lemma pseudo_descr_pairwise_crossing:
  assumes A: "simple_pseudoline_arrangement A"
  shows "pairwise_crossing_descr (length A) (pseudo_descr A)"
proof -
  define sv where "sv p = map (\<lambda>l. sign_of (pl_fun l p)) A" for p
  have sv_in: "sv p \<in> pseudo_descr A" for p
    unfolding pseudo_descr_eq_range sv_def by (rule rangeI)
  have sv_nth: "sv (x, y) ! i = Zer \<longleftrightarrow> fst (A!i) x = y" if "i < length A" for i x y
    using that by (simp add: sv_def pl_fun_eq_0_iff)
  have crossing: "\<exists>s\<in>pseudo_descr A. s!i = Zer \<and> s!j = Zer"
    if ij: "i < length A" "j < length A" for i j
  proof (cases "i = j")
    case True
    then show ?thesis using sv_in[of "(0, fst (A!i) 0)"] sv_nth ij by blast
  next
    case False
    then obtain x where "fst (A!i) x = fst (A!j) x"
      using A ij unfolding simple_pseudoline_arrangement_def by blast
    then show ?thesis using sv_in[of "(x, fst (A!i) x)"] sv_nth ij by metis
  qed
  have distinct: "\<exists>s\<in>pseudo_descr A. s!i = Zer \<and> s!j \<noteq> Zer"
    if ij: "i < length A" "j < length A" "i \<noteq> j" for i j
  proof -
    have "\<not> (fst (A!i) 0 = fst (A!j) 0 \<and> fst (A!i) 1 = fst (A!j) 1)"
      using A ij unfolding simple_pseudoline_arrangement_def pseudoline_arrangement_def
      by (metis zero_neq_one)
    then obtain x where "fst (A!i) x \<noteq> fst (A!j) x" by blast
    then show ?thesis using sv_in[of "(x, fst (A!i) x)"] sv_nth ij by metis
  qed
  show ?thesis
    unfolding pairwise_crossing_descr_def
    using crossing distinct by (auto simp: pseudo_descr_eq_range)
qed

lemma length_eq_if_pairwise_crossing_descr:
  "pairwise_crossing_descr n (sign_vector L ` S) \<Longrightarrow> length L = n"
  unfolding pairwise_crossing_descr_def by auto
lemma perm_des_poly_0_rec:
  assumes "finite D" "0 \<notin> D" "card D = Suc m"
    and IH: "\<And>A. A \<subseteq> D - {Max D} \<Longrightarrow> perm_des_poly 0 A 0 = Eulerian (card A)"
  shows "t * perm_des_poly 0 D 0
    = (\<Sum>k\<le>m. of_nat (m choose k) * ((if k = 0 then t else Eulerian k) * (t * Eulerian (m - k))))"
proof -
  define T where "T = D - {Max D}"
  have "D \<noteq> {}" using assms(3) by auto
  then have T: "finite T" "card T = m"
    using assms(1,3) by (simp_all add: T_def)
  have "t * perm_des_poly 0 D 0
      = (\<Sum>A\<in>Pow T. (if A = {} then t else perm_des_poly 0 A 0) * (t * perm_des_poly 0 (T - A) 0))"
    unfolding T_def by (rule perm_des_poly_split_Max[OF assms(1,2) \<open>D \<noteq> {}\<close>])
  also have "\<dots> = (\<Sum>A\<in>Pow T. (if card A = 0 then t else Eulerian (card A)) * (t * Eulerian (m - card A)))"
  proof (rule sum.cong[OF refl])
    fix A assume "A \<in> Pow T"
    with T have "finite A" "card (T - A) = m - card A"
      by (auto simp: card_Diff_subset finite_subset)
    then show "(if A = {} then t else perm_des_poly 0 A 0) * (t * perm_des_poly 0 (T - A) 0)
        = (if card A = 0 then t else Eulerian (card A)) * (t * Eulerian (m - card A))"
      using \<open>A \<in> Pow T\<close> IH[of A] IH[of "T - A"] by (auto simp: T_def)
  qed
  also have "\<dots> = (\<Sum>k\<le>m. of_nat (m choose k) * ((if k = 0 then t else Eulerian k) * (t * Eulerian (m - k))))"
    using sum_Pow_card[OF T(1), of "\<lambda>k. (if k = 0 then t else Eulerian k) * (t * Eulerian (m - k))"]
    by (simp only: T(2))
  finally show ?thesis .
qed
########
**Exercise details**
Only the lines from the one containing "assms(3) by auto" through the final line above should be duplicated, exactly as they stand.

**Output below**
  have "D \<noteq> {}" using assms(3) by auto
  then have T: "finite T" "card T = m"
    using assms(1,3) by (simp_all add: T_def)
  have "t * perm_des_poly 0 D 0
      = (\<Sum>A\<in>Pow T. (if A = {} then t else perm_des_poly 0 A 0) * (t * perm_des_poly 0 (T - A) 0))"
    unfolding T_def by (rule perm_des_poly_split_Max[OF assms(1,2) \<open>D \<noteq> {}\<close>])
  also have "\<dots> = (\<Sum>A\<in>Pow T. (if card A = 0 then t else Eulerian (card A)) * (t * Eulerian (m - card A)))"
  proof (rule sum.cong[OF refl])
    fix A assume "A \<in> Pow T"
    with T have "finite A" "card (T - A) = m - card A"
      by (auto simp: card_Diff_subset finite_subset)
    then show "(if A = {} then t else perm_des_poly 0 A 0) * (t * perm_des_poly 0 (T - A) 0)
        = (if card A = 0 then t else Eulerian (card A)) * (t * Eulerian (m - card A))"
      using \<open>A \<in> Pow T\<close> IH[of A] IH[of "T - A"] by (auto simp: T_def)
  qed
  also have "\<dots> = (\<Sum>k\<le>m. of_nat (m choose k) * ((if k = 0 then t else Eulerian k) * (t * Eulerian (m - k))))"
    using sum_Pow_card[OF T(1), of "\<lambda>k. (if k = 0 then t else Eulerian k) * (t * Eulerian (m - k))"]
    by (simp only: T(2))
  finally show ?thesis .
qed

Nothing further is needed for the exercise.